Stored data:

◆ ◆ ◆ ◆

lemma ostat_sample_iff:
  assumes I: "I \<in> sample_space (length X) s" and "1 \<le> i" "i \<le> s"
    and "\<And>x y. x \<le> y \<Longrightarrow> P y \<Longrightarrow> P x"
  shows "P (ostat (sample X I) i) \<longleftrightarrow> i \<le> card (I \<inter> {j. j < length X \<and> P (X ! j)})"
proof -
  have "I \<subseteq> {..<length X}" "card I = s" "finite I"
    using I finite_subset[of I "{..<length X}"] unfolding sample_space_def by auto
  then have "length (sample X I) = s"
    unfolding sample_def by simp
  then have "P (ostat (sample X I) i) \<longleftrightarrow> i \<le> length (filter P (sample X I))"
    using assms by (intro ostat_iff_le_length_filter) auto
  also have "length (filter P (sample X I)) = card {j\<in>I. P (X ! j)}"
    unfolding sample_def filter_map length_map using \<open>finite I\<close>
    by (subst distinct_length_filter) (auto simp: o_def Int_def conj_commute)
  also have "{j\<in>I. P (X ! j)} = I \<inter> {j. j < length X \<and> P (X ! j)}"
    using \<open>I \<subseteq> {..<length X}\<close> by auto
  finally show ?thesis .
qed

lemma ostat_sample_in_set:
  assumes "I \<in> sample_space (length X) s" "1 \<le> i" "i \<le> s"
  shows "ostat (sample X I) i \<in> set X"
proof -
  have "I \<subseteq> {..<length X}" "length (sample X I) = s"
    using assms(1) finite_subset[of I "{..<length X}"] unfolding sample_space_def sample_def by auto
  then show ?thesis
    using set_sample ostat_in_set[of i "sample X I"] assms(2,3) by auto
qed

lemma prob_ostat_less_ostat_sample:
  fixes X :: "'a::linorder list"
  assumes "1 \<le> k" "k \<le> length X" "1 \<le> i" "i \<le> s" "s \<le> length X" "g > 0"
    and dev: "real i - 1 \<le> real s * real k / real (length X) - g"
  shows "measure_pmf.prob (sampling (length X) s) {I. ostat X k < ostat (sample X I) i}
           \<le> exp (- 2 * g\<^sup>2 / real s)"
proof -
  define A where "A = {j. j < length X \<and> X ! j \<le> ostat X k}"
  have "k \<le> card A"
    using ostat_iff_le_length_filter[of k X "\<lambda>y. y \<le> ostat X k"] assms
    unfolding A_def by (simp add: length_filter_conv_card)
  have "measure_pmf.prob (sampling (length X) s) {I. ostat X k < ostat (sample X I) i}
      \<le> measure_pmf.prob (sampling (length X) s) {I. real (card (I \<inter> A)) \<le> real i - 1}"
  proof (rule prob_sampling_mono[OF \<open>s \<le> length X\<close>])
    fix I
    assume "I \<in> sample_space (length X) s"
    then have "ostat (sample X I) i \<le> ostat X k \<longleftrightarrow> i \<le> card (I \<inter> A)"
      unfolding A_def using assms by (intro ostat_sample_iff) auto
    then show "I \<in> {I. ostat X k < ostat (sample X I) i} \<Longrightarrow> I \<in> {I. real (card (I \<inter> A)) \<le> real i - 1}"
      by auto
  qed
  also have "\<dots> \<le> exp (- 2 * g\<^sup>2 / real s)"
  proof (rule prob_card_Int_lower_tail)
    have "real s * real k / real (length X) \<le> real s * real (card A) / real (length X)"
      using \<open>k \<le> card A\<close> by (intro divide_right_mono mult_left_mono) auto
    then show "real i - 1 \<le> real s * real (card A) / real (length X) - g"
      using dev by linarith
  qed (use assms in \<open>auto simp: A_def\<close>)
  finally show ?thesis .
qed

lemma prob_ostat_sample_less_ostat:
  fixes X :: "'a::linorder list"
  assumes "1 \<le> k" "k \<le> length X" "1 \<le> i" "i \<le> s" "s \<le> length X" "g > 0"
    and dev: "real s * (real k - 1) / real (length X) + g \<le> real i"
  shows "measure_pmf.prob (sampling (length X) s) {I. ostat (sample X I) i < ostat X k}
           \<le> exp (- 2 * g\<^sup>2 / real s)"
proof -
  define B where "B = {j. j < length X \<and> X ! j < ostat X k}"
  have "card B < k"
    using ostat_iff_le_length_filter[of k X "\<lambda>y. y < ostat X k"] assms
    unfolding B_def by (force simp: length_filter_conv_card)
  have "measure_pmf.prob (sampling (length X) s) {I. ostat (sample X I) i < ostat X k}
      \<le> measure_pmf.prob (sampling (length X) s) {I. real i \<le> real (card (I \<inter> B))}"
  proof (rule prob_sampling_mono[OF \<open>s \<le> length X\<close>])
    fix I
    assume "I \<in> sample_space (length X) s"
    then have "ostat (sample X I) i < ostat X k \<longleftrightarrow> i \<le> card (I \<inter> B)"
      unfolding B_def using assms by (intro ostat_sample_iff) auto
    then show "I \<in> {I. ostat (sample X I) i < ostat X k} \<Longrightarrow> I \<in> {I. real i \<le> real (card (I \<inter> B))}"
      by auto
  qed
  also have "\<dots> \<le> exp (- 2 * g\<^sup>2 / real s)"
  proof (rule prob_card_Int_upper_tail)
    have "real s * real (card B) / real (length X) \<le> real s * (real k - 1) / real (length X)"
      using \<open>card B < k\<close> by (intro divide_right_mono mult_left_mono) auto
    then show "real s * real (card B) / real (length X) + g \<le> real i"
      using dev by linarith
  qed (use assms in \<open>auto simp: B_def\<close>)
  finally show ?thesis .
qed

◆ ◆ ◆ ◆

Work to be completed:
Set down each record above without changing a single word.

Exercise result:
lemma ostat_sample_iff:
  assumes I: "I \<in> sample_space (length X) s" and "1 \<le> i" "i \<le> s"
    and "\<And>x y. x \<le> y \<Longrightarrow> P y \<Longrightarrow> P x"
  shows "P (ostat (sample X I) i) \<longleftrightarrow> i \<le> card (I \<inter> {j. j < length X \<and> P (X ! j)})"
proof -
  have "I \<subseteq> {..<length X}" "card I = s" "finite I"
    using I finite_subset[of I "{..<length X}"] unfolding sample_space_def by auto
  then have "length (sample X I) = s"
    unfolding sample_def by simp
  then have "P (ostat (sample X I) i) \<longleftrightarrow> i \<le> length (filter P (sample X I))"
    using assms by (intro ostat_iff_le_length_filter) auto
  also have "length (filter P (sample X I)) = card {j\<in>I. P (X ! j)}"
    unfolding sample_def filter_map length_map using \<open>finite I\<close>
    by (subst distinct_length_filter) (auto simp: o_def Int_def conj_commute)
  also have "{j\<in>I. P (X ! j)} = I \<inter> {j. j < length X \<and> P (X ! j)}"
    using \<open>I \<subseteq> {..<length X}\<close> by auto
  finally show ?thesis .
qed

lemma ostat_sample_in_set:
  assumes "I \<in> sample_space (length X) s" "1 \<le> i" "i \<le> s"
  shows "ostat (sample X I) i \<in> set X"
proof -
  have "I \<subseteq> {..<length X}" "length (sample X I) = s"
    using assms(1) finite_subset[of I "{..<length X}"] unfolding sample_space_def sample_def by auto
  then show ?thesis
    using set_sample ostat_in_set[of i "sample X I"] assms(2,3) by auto
qed

lemma prob_ostat_less_ostat_sample:
  fixes X :: "'a::linorder list"
  assumes "1 \<le> k" "k \<le> length X" "1 \<le> i" "i \<le> s" "s \<le> length X" "g > 0"
    and dev: "real i - 1 \<le> real s * real k / real (length X) - g"
  shows "measure_pmf.prob (sampling (length X) s) {I. ostat X k < ostat (sample X I) i}
           \<le> exp (- 2 * g\<^sup>2 / real s)"
proof -
  define A where "A = {j. j < length X \<and> X ! j \<le> ostat X k}"
  have "k \<le> card A"
    using ostat_iff_le_length_filter[of k X "\<lambda>y. y \<le> ostat X k"] assms
    unfolding A_def by (simp add: length_filter_conv_card)
  have "measure_pmf.prob (sampling (length X) s) {I. ostat X k < ostat (sample X I) i}
      \<le> measure_pmf.prob (sampling (length X) s) {I. real (card (I \<inter> A)) \<le> real i - 1}"
  proof (rule prob_sampling_mono[OF \<open>s \<le> length X\<close>])
    fix I
    assume "I \<in> sample_space (length X) s"
    then have "ostat (sample X I) i \<le> ostat X k \<longleftrightarrow> i \<le> card (I \<inter> A)"
      unfolding A_def using assms by (intro ostat_sample_iff) auto
    then show "I \<in> {I. ostat X k < ostat (sample X I) i} \<Longrightarrow> I \<in> {I. real (card (I \<inter> A)) \<le> real i - 1}"
      by auto
  qed
  also have "\<dots> \<le> exp (- 2 * g\<^sup>2 / real s)"
  proof (rule prob_card_Int_lower_tail)
    have "real s * real k / real (length X) \<le> real s * real (card A) / real (length X)"
      using \<open>k \<le> card A\<close> by (intro divide_right_mono mult_left_mono) auto
    then show "real i - 1 \<le> real s * real (card A) / real (length X) - g"
      using dev by linarith
  qed (use assms in \<open>auto simp: A_def\<close>)
  finally show ?thesis .
qed

lemma prob_ostat_sample_less_ostat:
  fixes X :: "'a::linorder list"
  assumes "1 \<le> k" "k \<le> length X" "1 \<le> i" "i \<le> s" "s \<le> length X" "g > 0"
    and dev: "real s * (real k - 1) / real (length X) + g \<le> real i"
  shows "measure_pmf.prob (sampling (length X) s) {I. ostat (sample X I) i < ostat X k}
           \<le> exp (- 2 * g\<^sup>2 / real s)"
proof -
  define B where "B = {j. j < length X \<and> X ! j < ostat X k}"
  have "card B < k"
    using ostat_iff_le_length_filter[of k X "\<lambda>y. y < ostat X k"] assms
    unfolding B_def by (force simp: length_filter_conv_card)
  have "measure_pmf.prob (sampling (length X) s) {I. ostat (sample X I) i < ostat X k}
      \<le> measure_pmf.prob (sampling (length X) s) {I. real i \<le> real (card (I \<inter> B))}"
  proof (rule prob_sampling_mono[OF \<open>s \<le> length X\<close>])
    fix I
    assume "I \<in> sample_space (length X) s"
    then have "ostat (sample X I) i < ostat X k \<longleftrightarrow> i \<le> card (I \<inter> B)"
      unfolding B_def using assms by (intro ostat_sample_iff) auto
    then show "I \<in> {I. ostat (sample X I) i < ostat X k} \<Longrightarrow> I \<in> {I. real i \<le> real (card (I \<inter> B))}"
      by auto
  qed
  also have "\<dots> \<le> exp (- 2 * g\<^sup>2 / real s)"
  proof (rule prob_card_Int_upper_tail)
    have "real s * real (card B) / real (length X) \<le> real s * (real k - 1) / real (length X)"
      using \<open>card B < k\<close> by (intro divide_right_mono mult_left_mono) auto
    then show "real s * real (card B) / real (length X) + g \<le> real i"
      using dev by linarith
  qed (use assms in \<open>auto simp: B_def\<close>)
  finally show ?thesis .
qed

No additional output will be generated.